Cerro del Pueblo Fm (Difunta Group, Upper Cretaceous), Parras Basin, southern Coahuila, Mexico: reference sections, age, and correlation

  • David A. Eberth Royal Tyrrell Museum of Palaeontology, Box 7500, Drumheller, AB, T0J 0Y0 Canada.
  • Carlos R. Delgado-de Jesús Coordinación de Paleontología, Secretaría de Educación Pública de Coahuila, 25000 Saltillo, Coahuila, Mexico.
  • John F. Lerbekmo Department of Earth and Atmospheric Sciences, University of Alberta, Edmonton, AB, T6G 2E3 Canada.
  • Donald B. Brinkman Royal Tyrrell Museum of Palaeontology, Box 7500, Drumheller, AB, T0J 0Y0 Canada
  • Rubén A. Rodríguez-de la Rosa Museo del Desierto, Laboratorio de Paleontología, Museo del Desierto-S.E.P.C., A.P. 307, 25000 Saltillo, Coahuila, Mexico.
  • Scott D. Sampson Utah Museum of Natural History and Department of Geology and Geophysics,University of Utah 1390 E Presidents Circle, Salt Lake City, UT 84112-0500, USA.
Keywords: stratigraphy, magnetostratigraphy, dinosaurs, Cerro del Pueblo Formation, Cerro Huerta Formation, Difunta Group, Mesozoic, Cretaceous, Coahuila, México.

Abstract

Principal and supplementary reference sections provide data that clarify the stratigraphic relationships and depositional history of the Cerro del Pueblo Formation (CdP) – an important unit in Late Cretaceous paleobiogeographic studies in northeastern Mexico and the Western Interior of North America. At Saltillo, the CdP is 162 m thick, much thinner than previously reported. To the west, however, the CdP thickens to 449 m at Rincón Colorado (35 km west of Saltillo) and 540 m at Porvenir de Jalpa (70 km west of Saltillo).
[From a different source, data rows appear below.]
(* Safe squares are closed under finite products and coproducts: if, for $i=1,2$, the commuting squares with $p_i:Z_i\to X_i$, $f_i:X_i\to W_i$, $q_i:Z_i\to Y_i$, $g_i:Y_i\to W_i$ (with $f_i\circ p_i=g_i\circ q_i$) are safe squares, then the square with $p_1\times p_2$, $f_1\times f_2$, $q_1\times q_2$, $g_1\times g_2$ is a safe square, and likewise the square with $p_1+p_2$, $f_1+f_2$, $q_1+q_2$, $g_1+g_2$ is a safe square.
   Context: Nominal sets over a countably infinite set $\mathcal V$ of names; products with coordinatewise action, coproducts as disjoint unions. For an equivariant $f:X\to Y$: $u$ is $f$-safe if $|\mathsf{supp}(u)|=\max\{|\mathsf{supp}(v)|:v\in f^{-1}(f(u))\}$; $\mathsf{bv}_f(u)=\mathsf{supp}(u)\setminus\mathsf{supp}(f(u))$; for finite $S$, $S\#v$ means $S\cap\mathsf{supp}(v)=\emptyset$. A commuting square $p:Z\to X$, $f:X\to W$, $q:Z\to Y$, $g:Y\to W$ ($f\circ p=g\circ q$) is a safe square if for every $f$-safe $u\in X$ and $v\in Y$ with $f(u)=g(v)$ and $\mathsf{bv}_f(u)\#v$ there is a $q$-safe $z\in Z$ with $p(z)=u$ and $q(z)=v$. *)

theory Defs
  imports Main
begin

type_synonym name = nat
type_synonym perm = "name \<Rightarrow> name"

definition fperm :: "perm \<Rightarrow> bool" where
  "fperm \<pi> \<longleftrightarrow> bij \<pi> \<and> finite {a. \<pi> a \<noteq> a}"

record 'a nomset =
  ncarrier :: "'a set"
  nact :: "perm \<Rightarrow> 'a \<Rightarrow> 'a"

definition supports :: "'a nomset \<Rightarrow> name set \<Rightarrow> 'a \<Rightarrow> bool" where
  "supports X S x \<longleftrightarrow>
     (\<forall>\<pi>. fperm \<pi> \<and> (\<forall>a\<in>S. \<pi> a = a) \<longrightarrow> nact X \<pi> x = x)"

definition nominal_set :: "'a nomset \<Rightarrow> bool" where
  "nominal_set X \<longleftrightarrow>
     (\<forall>x\<in>ncarrier X. nact X id x = x) \<and>
     (\<forall>\<pi> x. fperm \<pi> \<and> x \<in> ncarrier X \<longrightarrow> nact X \<pi> x \<in> ncarrier X) \<and>
     (\<forall>\<pi> \<sigma> x. fperm \<pi> \<and> fperm \<sigma> \<and> x \<in> ncarrier X \<longrightarrow>
        nact X (\<pi> \<circ> \<sigma>) x = nact X \<pi> (nact X \<sigma> x)) \<and>
     (\<forall>x\<in>ncarrier X. \<exists>S. finite S \<and> supports X S x)"

definition supp :: "'a nomset \<Rightarrow> 'a \<Rightarrow> name set" where
  "supp X x = \<Inter>{S. finite S \<and> supports X S x}"

definition equivariant :: "'a nomset \<Rightarrow> 'b nomset \<Rightarrow> ('a \<Rightarrow> 'b) \<Rightarrow> bool" where
  "equivariant X Y f \<longleftrightarrow>
     (\<forall>x\<in>ncarrier X. f x \<in> ncarrier Y) \<and>
     (\<forall>\<pi> x. fperm \<pi> \<and> x \<in> ncarrier X \<longrightarrow> f (nact X \<pi> x) = nact Y \<pi> (f x))"

definition prod_nom :: "'a nomset \<Rightarrow> 'b nomset \<Rightarrow> ('a \<times> 'b) nomset" where
  "prod_nom X Y = \<lparr> ncarrier = ncarrier X \<times> ncarrier Y,
                    nact = (\<lambda>\<pi> (x, y). (nact X \<pi> x, nact Y \<pi> y)) \<rparr>"

definition sum_nom :: "'a nomset \<Rightarrow> 'b nomset \<Rightarrow> ('a + 'b) nomset" where
  "sum_nom X Y = \<lparr> ncarrier = ncarrier X <+> ncarrier Y,
                   nact = (\<lambda>\<pi>. map_sum (nact X \<pi>) (nact Y \<pi>)) \<rparr>"

definition f_safe :: "'a nomset \<Rightarrow> ('a \<Rightarrow> 'b) \<Rightarrow> 'a \<Rightarrow> bool" where
  "f_safe X f u \<longleftrightarrow> u \<in> ncarrier X \<and>
     (\<forall>v\<in>ncarrier X. f v = f u \<longrightarrow> card (supp X v) \<le> card (supp X u))"

definition bv :: "'a nomset \<Rightarrow> 'b nomset \<Rightarrow> ('a \<Rightarrow> 'b) \<Rightarrow> 'a \<Rightarrow> name set" where
  "bv X W f u = supp X u - supp W (f u)"

definition fresh :: "'a nomset \<Rightarrow> name set \<Rightarrow> 'a \<Rightarrow> bool" where
  "fresh X S v \<longleftrightarrow> S \<inter> supp X v = {}"

definition safe_square ::
  "'z nomset \<Rightarrow> 'x nomset \<Rightarrow> 'y nomset \<Rightarrow> 'w nomset \<Rightarrow>
   ('z \<Rightarrow> 'x) \<Rightarrow> ('x \<Rightarrow> 'w) \<Rightarrow> ('z \<Rightarrow> 'y) \<Rightarrow> ('y \<Rightarrow> 'w) \<Rightarrow> bool" where
  "safe_square Z X Y W p f q g \<longleftrightarrow>
     (\<forall>z\<in>ncarrier Z. f (p z) = g (q z)) \<and>
     (\<forall>u v. f_safe X f u \<and> v \<in> ncarrier Y \<and> f u = g v \<and> fresh Y (bv X W f u) v \<longrightarrow>
        (\<exists>z\<in>ncarrier Z. f_safe Z q z \<and> p z = u \<and> q z = v))"

end

theory Submission
  imports Defs "HOL-Combinatorics.Permutations"
begin

text \<open>Coproducts are immediate: supports, fibres and freshness of \<open>Inl\<close>/\<open>Inr\<close> elements are those
  of the summands. For products, the support of a pair is the union of the supports. If \<open>(u\<^sub>1, u\<^sub>2)\<close>
  is safe, then each \<open>u\<^sub>i\<close> is safe and its bound names do not occur in the other component, for
  otherwise renaming them apart, which does not leave the fibre, would enlarge the support of the pair.
  Hence the freshness hypothesis splits into the components, and the two safe squares provide lifts
  \<open>z\<^sub>1\<close>, \<open>z\<^sub>2\<close>. Renaming these by permutations that fix the supports of \<open>u\<^sub>i\<close> and \<open>v\<^sub>i\<close>, until they
  share only names common to \<open>v\<^sub>1\<close> and \<open>v\<^sub>2\<close>, gives a pair whose support is as large as any in its
  fibre, since every element of that fibre shares at least those names.\<close>

section \<open>Finitary permutations\<close>

lemma fperm_iff_permutes: "fperm \<pi> \<longleftrightarrow> (\<exists>S. finite S \<and> \<pi> permutes S)"
proof
  assume "fperm \<pi>"
  then have "\<pi> permutes {a. \<pi> a \<noteq> a}" "finite {a. \<pi> a \<noteq> a}"
    by (simp_all add: fperm_def permutes_def bij_iff)
  then show "\<exists>S. finite S \<and> \<pi> permutes S" by blast
next
  assume "\<exists>S. finite S \<and> \<pi> permutes S"
  then obtain S where "finite S" "\<pi> permutes S" by blast
  moreover have "{a. \<pi> a \<noteq> a} \<subseteq> S" using \<open>\<pi> permutes S\<close> permutes_not_in by fastforce
  ultimately show "fperm \<pi>" unfolding fperm_def by (metis permutes_bij finite_subset)
qed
A substantial stratigraphic interval of interbedded grey-green and red beds is present above the CdP throughout the field area; for consistency, it is assigned to the overlying Cerro Huerta Formation (CH).
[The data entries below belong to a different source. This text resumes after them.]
lemma continuous_on_frechet_derivative:
  fixes f :: "'a::complex_euclidean_space \<Rightarrow> complex"
  assumes f: "cholo_on U f"
  shows "continuous_on U (\<lambda>p. frechet_derivative f (at p) v)"
proof (cases "v = 0")
  case True
  have zero: "frechet_derivative f (at p) v = 0" if "p \<in> U" for p
    using True linear_0[OF cholo_on_linear_frechet_derivative[OF f that]] by simp
  show ?thesis
    by (rule continuous_on_eq[OF continuous_on_const]) (simp add: zero)
next
  case False
  show ?thesis
  proof (rule continuous_at_imp_continuous_on, rule ballI)
    fix p0 assume p0: "p0 \<in> U"
    obtain \<epsilon> where \<epsilon>: "\<epsilon> > 0" "cball p0 \<epsilon> \<subseteq> U"
      using open_contains_cball cholo_on_open[OF f] p0 by blast
    define r where "r = \<epsilon> / (2 * norm v)"
    have r: "r > 0" using \<epsilon> False by (simp add: r_def)
    have near: "p + cscale t v \<in> cball p0 \<epsilon>" if "dist p p0 \<le> \<epsilon>/2" "norm t \<le> r" for p t
      using that False by (intro line_in_cball) (auto simp: r_def)
    have uc: "uniformly_continuous_on (cball p0 \<epsilon>) f"
      using \<epsilon> by (intro compact_uniformly_continuous continuous_on_subset[OF cholo_on_imp_continuous_on[OF f]]) auto
    show "continuous (at p0) (\<lambda>p. frechet_derivative f (at p) v)"
      unfolding continuous_at_eps_delta
    proof (intro allI impI)
      fix e :: real assume e: "e > 0"
      obtain d where d: "d > 0"
        "\<forall>x\<in>cball p0 \<epsilon>. \<forall>x'\<in>cball p0 \<epsilon>. dist x' x < d \<longrightarrow> dist (f x') (f x) < e * r / 2"
        using uc e r unfolding uniformly_continuous_on_def
        by (metis divide_pos_pos half_gt_zero_iff mult_pos_pos zero_less_numeral)
      have "dist (frechet_derivative f (at p) v) (frechet_derivative f (at p0) v) < e"
        if p: "dist p p0 < min d (\<epsilon>/2)" for p
      proof -
        have "norm (frechet_derivative f (at p) v - frechet_derivative f (at p0) v) \<le> (e * r / 2) / r"
        proof (rule norm_frechet_derivative_diff_le[OF f r])
          have pp0: "dist p p0 \<le> \<epsilon>/2" "dist p0 p0 \<le> \<epsilon>/2"
            using p \<epsilon>(1) by auto
          show "p + cscale t v \<in> U \<and> p0 + cscale t v \<in> U" if "norm t \<le> r" for t
            using near[OF pp0(1) that] near[OF pp0(2) that] \<epsilon>(2) by blast
          show "norm (f (p + cscale u v) - f (p0 + cscale u v)) \<le> e * r / 2" if "norm u = r" for u
          proof -
            have "dist (p + cscale u v) (p0 + cscale u v) < d"
              using p by (simp add: dist_norm)
            then have "dist (f (p + cscale u v)) (f (p0 + cscale u v)) < e * r / 2"
              using d(2) near[OF pp0(1)] near[OF pp0(2)] that by simp
            then show ?thesis by (simp add: dist_norm)
          qed
        qed
        then show ?thesis using e r by (simp add: dist_norm)
      qed
      then show "\<exists>d>0. \<forall>p. dist p p0 < d \<longrightarrow>
          dist (frechet_derivative f (at p) v) (frechet_derivative f (at p0) v) < e"
        using d(1) \<epsilon>(1) by (intro exI[of _ "min d (\<epsilon>/2)"]) auto
    qed
  qed
qed

lemma continuous_on_frechet_derivative_apply:
  fixes g :: "'a::complex_euclidean_space \<Rightarrow> complex"
  assumes g: "cholo_on U g" and \<xi>: "continuous_on U \<xi>"
  shows "continuous_on U (\<lambda>p. frechet_derivative g (at p) (\<xi> p))"
proof -
  have "continuous_on U (\<lambda>p. \<Sum>b\<in>Basis. (\<xi> p \<bullet> b) *\<^sub>R frechet_derivative g (at p) b)"
    by (intro continuous_intros \<xi> continuous_on_frechet_derivative[OF g])
  moreover have "frechet_derivative g (at p) (\<xi> p) = (\<Sum>b\<in>Basis. (\<xi> p \<bullet> b) *\<^sub>R frechet_derivative g (at p) b)"
    if "p \<in> U" for p
  proof -
    note lin = cholo_on_linear_frechet_derivative[OF g that]
    have "frechet_derivative g (at p) (\<xi> p) = frechet_derivative g (at p) (\<Sum>b\<in>Basis. (\<xi> p \<bullet> b) *\<^sub>R b)"
      by (simp add: euclidean_representation)
    then show ?thesis by (simp add: linear_sum[OF lin] linear_scale[OF lin])
  qed
  ultimately show ?thesis by (metis (no_types, lifting) continuous_on_eq)
qed

lemma continuous_on_tmap:
  fixes F :: "'a::complex_euclidean_space \<Rightarrow> (complex^'p) \<times> complex"
  assumes F: "cholo_on U F" and \<xi>: "continuous_on U \<xi>"
  shows "continuous_on U (tmap F \<xi>)"
proof -
  have eq: "frechet_derivative F (at p) h =
      ((\<chi> i. frechet_derivative (\<lambda>p. fst (F p) $ i) (at p) h), frechet_derivative (\<lambda>p. snd (F p)) (at p) h)"
    if p: "p \<in> U" for p h
  proof -
    note d = cholo_on_has_derivative[OF F p]
    have "((\<lambda>p. fst (F p) $ i) has_derivative (\<lambda>h. fst (frechet_derivative F (at p) h) $ i)) (at p)" for i
      by (rule bounded_linear.has_derivative[OF bounded_linear_vec_nth has_derivative_fst[OF d]])
    then have "frechet_derivative (\<lambda>p. fst (F p) $ i) (at p) = (\<lambda>h. fst (frechet_derivative F (at p) h) $ i)"
      for i by (metis frechet_derivative_at)
    moreover have "frechet_derivative (\<lambda>p. snd (F p)) (at p) = (\<lambda>h. snd (frechet_derivative F (at p) h))"
      by (metis frechet_derivative_at has_derivative_snd[OF d])
    ultimately show ?thesis
      by (simp add: vec_eq_iff)
  qed
  have "continuous_on U (\<lambda>p. ((\<chi> i. frechet_derivative (\<lambda>p. fst (F p) $ i) (at p) (\<xi> p)),
      frechet_derivative (\<lambda>p. snd (F p)) (at p) (\<xi> p)))"
    by (intro continuous_intros continuous_on_frechet_derivative_apply \<xi>
        cholo_on_vec_nth cholo_on_fst cholo_on_snd F)
  then show ?thesis
    unfolding tmap_def by (rule continuous_on_eq) (simp add: eq)
qed

section \<open>Holomorphic parametric integrals\<close>

lemma cholo_on_parametric_integral:
  fixes h :: "'a::complex_euclidean_space \<Rightarrow> real \<Rightarrow> complex"
  assumes U: "open U"
    and deriv: "\<And>p t. p \<in> U \<Longrightarrow> t \<in> cbox 0 1 \<Longrightarrow> ((\<lambda>p. h p t) has_derivative D p t) (at p)"
    and linear: "\<And>p t. p \<in> U \<Longrightarrow> bounded_linear (D p t)"
    and cscale: "\<And>p t c v. p \<in> U \<Longrightarrow> D p t (cscale c v) = c * D p t v"
    and cont: "\<And>v. continuous_on (U \<times> cbox 0 1) (\<lambda>(p, t). D p t v)"
    and int: "\<And>p. p \<in> U \<Longrightarrow> h p integrable_on cbox 0 1"
  shows "cholo_on U (\<lambda>p. integral (cbox 0 1) (h p))"
proof (rule cholo_onI[OF U])
  fix p0 assume p0U: "p0 \<in> U"
  then obtain e where e: "e > 0" "ball p0 e \<subseteq> U"
    using U open_contains_ball by blast
  define B where "B = ball p0 e"
  have cont_B: "continuous_on (B \<times> cbox 0 1) (\<lambda>(p, t). Blinfun (D p t))"
  proof (rule continuous_on_blinfun_componentwise)
    fix v :: 'a
    have "continuous_on (B \<times> cbox 0 1) (\<lambda>(p, t). D p t v)"
      using e(2) by (auto simp: B_def intro: continuous_on_subset[OF cont])
    then show "continuous_on (B \<times> cbox 0 1) (\<lambda>x. blinfun_apply (case x of (p, t) \<Rightarrow> Blinfun (D p t)) v)"
      by (rule continuous_on_eq) (use e(2) linear in \<open>auto simp: B_def bounded_linear_Blinfun_apply\<close>)
  qed
  have p0: "p0 \<in> B" using e(1) by (simp add: B_def)
  have "((\<lambda>p. integral (cbox 0 1) (h p)) has_derivative integral (cbox 0 1) (\<lambda>t. Blinfun (D p0 t)))
      (at p0 within B)"
  proof (rule leibniz_rule[OF _ _ cont_B p0])
    show "((\<lambda>p. h p t) has_derivative blinfun_apply (Blinfun (D p t))) (at p within B)"
      if "p \<in> B" "t \<in> cbox 0 1" for p t
      using that e(2) deriv linear by (auto simp: B_def bounded_linear_Blinfun_apply has_derivative_at_withinI)
  qed (use int e(2) in \<open>auto simp: B_def\<close>)
  then have "((\<lambda>p. integral (cbox 0 1) (h p)) has_derivative integral (cbox 0 1) (\<lambda>t. Blinfun (D p0 t)))
      (at p0)"
    using at_within_open[OF p0] by (simp add: B_def)
  moreover have "integral (cbox 0 1) (\<lambda>t. Blinfun (D p0 t)) (cscale c v) =
      cscale c (integral (cbox 0 1) (\<lambda>t. Blinfun (D p0 t)) v)" for c v
  proof -
    have "(\<lambda>t. Blinfun (D p0 t)) integrable_on cbox 0 1"
      using continuous_on_compose2[OF cont_B, of "cbox 0 1" "\<lambda>t. (p0, t)"] p0
      by (intro integrable_continuous)
         (auto simp: image_subset_iff continuous_on_Pair continuous_on_const continuous_on_id)
    moreover have "bounded_linear (D p0 t)" for t
      using linear[OF p0U] .
    ultimately have "integral (cbox 0 1) (\<lambda>t. Blinfun (D p0 t)) w = integral (cbox 0 1) (\<lambda>t. D p0 t w)" for w
      by (simp add: blinfun_apply_integral bounded_linear_Blinfun_apply)
    then show ?thesis
      using cscale[OF p0U] by simp
  qed
  ultimately show "\<exists>L. ((\<lambda>p. integral (cbox 0 1) (h p)) has_derivative L) (at p0) \<and>
      (\<forall>c v. L (cscale c v) = cscale c (L v))"
    by blast
qed

text \<open>Holomorphic in \<open>w\<close>; at \<open>w = z^k\<close> it recovers the averages of \<open>g(y, \<cdot>)\<close> over the
  \<open>k\<close>-th roots of unity (\<open>cauchy_pow_integral_symmetrisation\<close>).\<close>

definition cauchy_pow_integral ::
    "('a \<times> complex \<Rightarrow> complex) \<Rightarrow> real \<Rightarrow> nat \<Rightarrow> nat \<Rightarrow> 'a \<times> complex \<Rightarrow> complex" where
  "cauchy_pow_integral g r k q =
     (\<lambda>(y, w). contour_integral (circlepath 0 r) (\<lambda>\<zeta>. g (y, \<zeta>) * \<zeta>^q / (\<zeta>^k - w)))"

lemma has_derivative_cauchy_integrand:
  fixes g :: "'a::complex_euclidean_space \<times> complex \<Rightarrow> complex"
  assumes g: "cholo_on V g" "(fst p, \<zeta>) \<in> V" and den: "\<zeta>^k \<noteq> snd p"
  shows "((\<lambda>p. g (fst p, \<zeta>) * (\<zeta>^q / (\<zeta>^k - snd p) * a)) has_derivative
    (\<lambda>v. frechet_derivative g (at (fst p, \<zeta>)) (fst v, 0) * (\<zeta>^q / (\<zeta>^k - snd p) * a) +
         g (fst p, \<zeta>) * (\<zeta>^q * a / (\<zeta>^k - snd p)^2) * snd v)) (at p)"
proof -
  have "((\<lambda>p::'a \<times> complex. (fst p, \<zeta>)) has_derivative (\<lambda>v. (fst v, 0))) (at p)"
    by (auto intro!: derivative_eq_intros)
  from has_derivative_compose[OF this cholo_on_has_derivative[OF g]]
  have "((\<lambda>p. g (fst p, \<zeta>)) has_derivative (\<lambda>v. frechet_derivative g (at (fst p, \<zeta>)) (fst v, 0))) (at p)"
    by (simp add: o_def)
  moreover have "((\<lambda>p. \<zeta>^q / (\<zeta>^k - snd p) * a) has_derivative
      (\<lambda>h. ((0 * (\<zeta>^k - snd p) - \<zeta>^q * (0 - snd h)) / ((\<zeta>^k - snd p) * (\<zeta>^k - snd p))) * a)) (at p)"
    using den by (intro has_derivative_mult_left has_derivative_divide' has_derivative_const
        has_derivative_diff has_derivative_snd has_derivative_ident) auto
  ultimately show ?thesis
    by (rule has_derivative_eq_rhs[OF has_derivative_mult]) (auto simp: power2_eq_square algebra_simps)
qed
Westward-thickening of the CdP indicates an increased rate of subsidence and accommodation in that direction, and further suggests that sediment was supplied from the west along a narrow, east–west oriented trough that paralleled the modern Sierra Madre Oriental south of the field area. This trough was likely the location of an embayment in which CdP sediments first aggraded and then slowly prograded to the east and northeast. Overall, the CdP records deposition in very low gradient lower coastal plain and shallow marine (ramp) settings that were influenced by high-frequency changes in relative sea-level and coastal storm events.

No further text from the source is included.